Ricardo Confessori (born January 25, 1969) is a Brazilian drummer and a former member of the Brazilian power metal band Angra.

After leaving the Brazilian thrash metal band Korzus, Confessori was invited for assume the post of drummer of Angra, after the recording of the album Angels Cry.

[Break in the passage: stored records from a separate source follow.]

(* Let $c$ be a $k$-valued function on $S$ with finite non-empty support (and not identically zero). Then there exist $X\in\mathfrak{gl}_\infty(k)$ and $Y\in\mathfrak{gl}_\infty(\mathcal U_1)$ such that $\sum_{w\in S}c(w)\,\mathrm{Tr}(w(X,Y))\neq0$.
   Context: $k$ has characteristic $0$. $\mathcal U=k[u_1,u_2,\dots]$ is the free graded-commutative algebra on countably many generators $u_i$ of homological degree $1$, and $\mathcal U_1$ its degree-$1$ part. $\mathfrak{gl}_\infty(B)=\varinjlim_n\mathbb M_n(B)$ denotes finite matrices. Consider the free graded algebra $k\langle x,y\rangle$ with $x$ of degree $0$ and $y$ of degree $1$; define $\tau(v_1\cdots v_n)=(-1)^{|v_n||v_1\cdots v_{n-1}|}v_nv_1\cdots v_{n-1}$ on words and $\mathrm N=1+\tau+\dots+\tau^{n-1}$ on words of length $n$. $S$ is a set consisting of one representative word for each cyclic word (class of words under cyclic permutation) $w$ of positive length with $\mathrm N(w)\neq0$; for $X,Y$ matrices, $w(X,Y)$ is obtained by substituting $X$ for $x$ and $Y$ for $y$. *)

theory Defs
  imports Main
begin

datatype letter = LX | LY

fun ldeg :: "letter \<Rightarrow> nat" where
  "ldeg LX = 0" | "ldeg LY = 1"

definition wdeg :: "letter list \<Rightarrow> nat" where
  "wdeg w = sum_list (map ldeg w)"

text \<open>Elements of k<x,y> are finitely supported functions (letter list => k).
  The operator tau acts on a signed word (c, w).\<close>
definition tau :: "('a::field_char_0) \<times> letter list \<Rightarrow> 'a \<times> letter list" where
  "tau cw = (case cw of (c, w) \<Rightarrow>
     if w = [] then (c, w)
     else (c * (-1) ^ (ldeg (last w) * wdeg (butlast w)), last w # butlast w))"

definition normN :: "letter list \<Rightarrow> letter list \<Rightarrow> 'a::field_char_0" where
  "normN w = (\<lambda>v. \<Sum>j<length w. (case (tau ^^ j) ((1::'a), w) of (c, u) \<Rightarrow> if u = v then c else 0))"

definition rep_set :: "'a::field_char_0 itself \<Rightarrow> letter list set \<Rightarrow> bool" where
  "rep_set TYPE('a) S \<longleftrightarrow>
     S \<subseteq> {w. w \<noteq> [] \<and> (normN w :: letter list \<Rightarrow> 'a) \<noteq> (\<lambda>_. 0)} \<and>
     (\<forall>w. w \<noteq> [] \<and> (normN w :: letter list \<Rightarrow> 'a) \<noteq> (\<lambda>_. 0) \<longrightarrow>
        (\<exists>!s. s \<in> S \<and> (\<exists>j. s = rotate j w)))"

text \<open>The free graded-commutative algebra U = k[u_1,u_2,...] on odd generators (an exterior
  algebra), modelled as functions from finite index sets A (the monomial u_A with
  increasing indices) to coefficients.\<close>
type_synonym 'a U = "nat set \<Rightarrow> 'a"

definition ext_sign :: "nat set \<Rightarrow> nat set \<Rightarrow> 'a::field_char_0" where
  "ext_sign A B = (-1) ^ card {(i, j). i \<in> A \<and> j \<in> B \<and> j < i}"

definition ext_mult :: "('a::field_char_0) U \<Rightarrow> 'a U \<Rightarrow> 'a U" where
  "ext_mult a b = (\<lambda>T. if finite T then (\<Sum>A\<in>Pow T. ext_sign A (T - A) * a A * b (T - A)) else 0)"

definition ext_scalar :: "'a::field_char_0 \<Rightarrow> 'a U" where
  "ext_scalar c = (\<lambda>T. if T = {} then c else 0)"

text \<open>Embedding of U_1: a finitely supported coefficient vector f gives sum_i f i * u_i.\<close>
definition ext_deg1 :: "(nat \<Rightarrow> 'a::field_char_0) \<Rightarrow> 'a U" where
  "ext_deg1 f = (\<lambda>T. if card T = 1 then f (the_elem T) else 0)"

definition mat_mult_U :: "nat \<Rightarrow> (nat \<Rightarrow> nat \<Rightarrow> ('a::field_char_0) U) \<Rightarrow> (nat \<Rightarrow> nat \<Rightarrow> 'a U) \<Rightarrow> nat \<Rightarrow> nat \<Rightarrow> 'a U" where
  "mat_mult_U n M N = (\<lambda>i j T. \<Sum>l<n. ext_mult (M i l) (N l j) T)"

definition mat_one_U :: "nat \<Rightarrow> nat \<Rightarrow> ('a::field_char_0) U" where
  "mat_one_U = (\<lambda>i j. ext_scalar (if i = j then 1 else 0))"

In 2000, Confessori left Angra with singer Andre Matos and bassist Luis Mariutti to form the band Shaman together with guitarist Hugo Mariutti. Shaman released three albums with this line-up: Ritual (2002); RituAlive (live album, released in CD and DVD in 2003); and Reason, in 2005. After the second album, Confessori and Matos had some creative differences. Confessori owned the Shaman name resulting in the other members leaving the band. In 2009, Confessori returned to Angra, replacing the drummer Aquiles Priester. In 2014 it was announced that he had once again left the band.

In 2016, he was announced as the new drummer for folk metal band Tierramystica. He also served as a guest/live musician for parodic heavy metal band Massacration, under the pseudonym "El Perro Loco", from 2016 to 2022.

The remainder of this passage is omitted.